获取下一个“版本”(.NET Regex)

时间:2012-09-28 14:20:46

标签: c# .net regex vb.net

我需要从字符串version(最多3个字符,如sql varchar(3)),“下一个版本”获取以下简单规则:

如果它的最后一个字符构成一个数字,则增加它,如果它总是最多适合3个字符,否则保持不变。

说“Hi1”=> “Hi2”,“H9”=> “H10”但“xx9”将保持不变。

  Public Shared Function GetNextVersion(oldVersion As String) As String
    Dim newVersion As String = String.Empty
    If Regex.IsMatch(oldVersion, "?????") Then
      Return newVersion
    Else
      Return oldVersion
    End If
  End Function

2 个答案:

答案 0 :(得分:3)

这将是你的正则表达式,它将匹配任何字母后跟一组数字。

Public Dim regex As Regex = New Regex( _
      "^(?<prefix>.*?0*)(?<version>\d+)$", _
      RegexOptions.IgnoreCase _
        Or RegexOptions.CultureInvariant _
        Or RegexOptions.Compiled _
    )

它将包含两个命名的捕获组,“prefix”是初始字符,“version”包含您的版本。

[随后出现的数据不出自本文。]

(* Let $V$ be a Gotzmann set of monomials of degree $d$ in $R=K[x_1,\dots,x_n]$. Then for every $i=1,2,\dots,n$, $$\overline{|V|}^{(n-1)}\leq |\mathrm{D}_i(V)| \leq |V|_{\langle\!\langle n-1\rangle\!\rangle}.$$
   Context: Let $K$ be a field and $R=K[x_1,\dots,x_n]$ with $\deg x_i=1$. Let $M=\{x_1,\dots,x_n\}$, $M^d$ the set of monomials of degree $d$ ($M^0=\{1\}$), and for a set $V$ of monomials of degree $d$ let $MV=\{x_iv : v\in V,\ 1\le i\le n\}$. Binomial representations: for positive integers $k,h$, write uniquely $h=\binom{h(k)+k}{k}+\binom{h(k-1)+k-1}{k-1}+\dots+\binom{h(j)+j}{j}$ with $h(k)\ge h(k-1)\ge\dots\ge h(j)\ge 0$, $j\ge1$ (the $k$th binomial representation). Define $h^{\langle k\rangle}=\sum_{m=j}^{k}\binom{h(m)+m+1}{m}$ and $h_{\langle\!\langle k\rangle\!\rangle}=\sum_{m=j}^{k}\binom{h(m)+m-1}{m-1}$, with $0^{\langle k\rangle}=0_{\langle\!\langle k\rangle\!\rangle}=0$ and $1^{\langle 0\rangle}=1_{\langle\!\langle 0\rangle\!\rangle}=1$. By Macaulay, $|MV|\ge |V|^{\langle n-1\rangle}$ for any set $V$ of monomials of the same degree; $V$ is called a Gotzmann set if $|MV|=|V|^{\langle n-1\rangle}$. For a positive integer $h$, let $\alpha=\max\{0,\max\{\alpha\in\mathbb{Z} : h-\binom{\alpha+k}{k}>0\}\}$ and set $\overline{h}^{(k)}=h-\binom{\alpha+k}{k}$; thus $\overline{h}^{(k)}=0$ if $h=1$, $\overline{h}^{(k)}=\binom{h(k)+k-1}{k-1}$ if $h>1$ and $j=k$, and $\overline{h}^{(k)}=\sum_{m=j}^{k-1}\binom{h(m)+m}{m}$ if $h>1$ and $j<k$. (For $h=0$ it is taken to be $0$.) For a set $V$ of monomials of degree $d$ with $u=\gcd(V)$: if $|V|>1$, let $\mathrm{K}_i(V)=\{v\in M^d : x_iu \text{ divides } v\}$ and $\mathrm{D}_i(V)=V\setminus \mathrm{K}_i(V)$; if $|V|=1$, let $\mathrm{K}_i(V)=V$ and $\mathrm{D}_i(V)=\emptyset$. *)

theory Defs
  imports Main
begin

text \<open>Monomials in x_1..x_n are exponent vectors a :: nat => nat with support in {1..n}.\<close>

definition monomials :: "nat \<Rightarrow> nat \<Rightarrow> (nat \<Rightarrow> nat) set" where
  "monomials n d = {a. (\<forall>k. a k \<noteq> 0 \<longrightarrow> k \<in> {1..n}) \<and> (\<Sum>k\<in>{1..n}. a k) = d}"

definition xmul :: "nat \<Rightarrow> (nat \<Rightarrow> nat) \<Rightarrow> (nat \<Rightarrow> nat)" where
  "xmul i a = a(i := Suc (a i))"

definition MV :: "nat \<Rightarrow> (nat \<Rightarrow> nat) set \<Rightarrow> (nat \<Rightarrow> nat) set" where
  "MV n V = {xmul i v | i v. i \<in> {1..n} \<and> v \<in> V}"

definition mdvd :: "(nat \<Rightarrow> nat) \<Rightarrow> (nat \<Rightarrow> nat) \<Rightarrow> bool" where
  "mdvd u v \<longleftrightarrow> (\<forall>k. u k \<le> v k)"

definition mgcd :: "(nat \<Rightarrow> nat) set \<Rightarrow> (nat \<Rightarrow> nat)" where
  "mgcd V = (\<lambda>k. Min ((\<lambda>v. v k) ` V))"

definition binrep :: "nat \<Rightarrow> nat \<Rightarrow> nat \<Rightarrow> (nat \<Rightarrow> nat) \<Rightarrow> bool" where
  "binrep k h j f \<longleftrightarrow> 1 \<le> j \<and> j \<le> k \<and> (\<forall>m. j \<le> m \<and> m < k \<longrightarrow> f m \<le> f (Suc m))
     \<and> h = (\<Sum>m=j..k. (f m + m) choose m)"

definition mac_up :: "nat \<Rightarrow> nat \<Rightarrow> nat" where
  "mac_up k h = (if h = 0 then 0
     else if k = 0 then (if h = 1 then 1 else undefined)
     else (let (j, f) = (SOME (j, f). binrep k h j f) in
           \<Sum>m=j..k. (f m + m + 1) choose m))"

definition mac_low :: "nat \<Rightarrow> nat \<Rightarrow> nat" where
  "mac_low k h = (if h = 0 then 0
     else if k = 0 then (if h = 1 then 1 else undefined)
     else (let (j, f) = (SOME (j, f). binrep k h j f) in
           \<Sum>m=j..k. (f m + m - 1) choose (m - 1)))"

definition bar_alpha :: "nat \<Rightarrow> nat \<Rightarrow> nat" where
  "bar_alpha k h = (if h \<le> 1 then 0 else Max {a. ((a + k) choose k) < h})"

definition hbar :: "nat \<Rightarrow> nat \<Rightarrow> nat" where
  "hbar k h = (if h = 0 then 0 else h - ((bar_alpha k h + k) choose k))"

definition gotzmann :: "nat \<Rightarrow> (nat \<Rightarrow> nat) set \<Rightarrow> bool" where
  "gotzmann n V \<longleftrightarrow> card (MV n V) = mac_up (n - 1) (card V)"

definition Kset :: "nat \<Rightarrow> nat \<Rightarrow> nat \<Rightarrow> (nat \<Rightarrow> nat) set \<Rightarrow> (nat \<Rightarrow> nat) set" where
  "Kset n d i V = (if card V > 1 then {v \<in> monomials n d. mdvd (xmul i (mgcd V)) v} else V)"

definition Dset :: "nat \<Rightarrow> nat \<Rightarrow> nat \<Rightarrow> (nat \<Rightarrow> nat) set \<Rightarrow> (nat \<Rightarrow> nat) set" where
  "Dset n d i V = (if card V > 1 then V - Kset n d i V else {})"

end

theory Submission
  imports Defs
begin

将版本转换为int,将其递增,并通过连接前缀和新版本返回新版本号。

所以,你最终会得到像这样的东西

Public versionRegex As Regex = New Regex( _
   "^(?<prefix>.*?0*)(?<version>\d+)$", _
   RegexOptions.IgnoreCase _
     Or RegexOptions.CultureInvariant _
     Or RegexOptions.Compiled _
 )

Public Shared Function GetNextVersion(oldVersion As String) As String
    Dim matches = versionRegex.Matches(oldVersion)
    If (matches.Count <= 0) Then
        Return oldVersion
    End If

    Dim match = matches(0)
    Dim prefix = match.Groups.Item("prefix").Value
    Dim version = CInt(match.Groups.Item("version").Value)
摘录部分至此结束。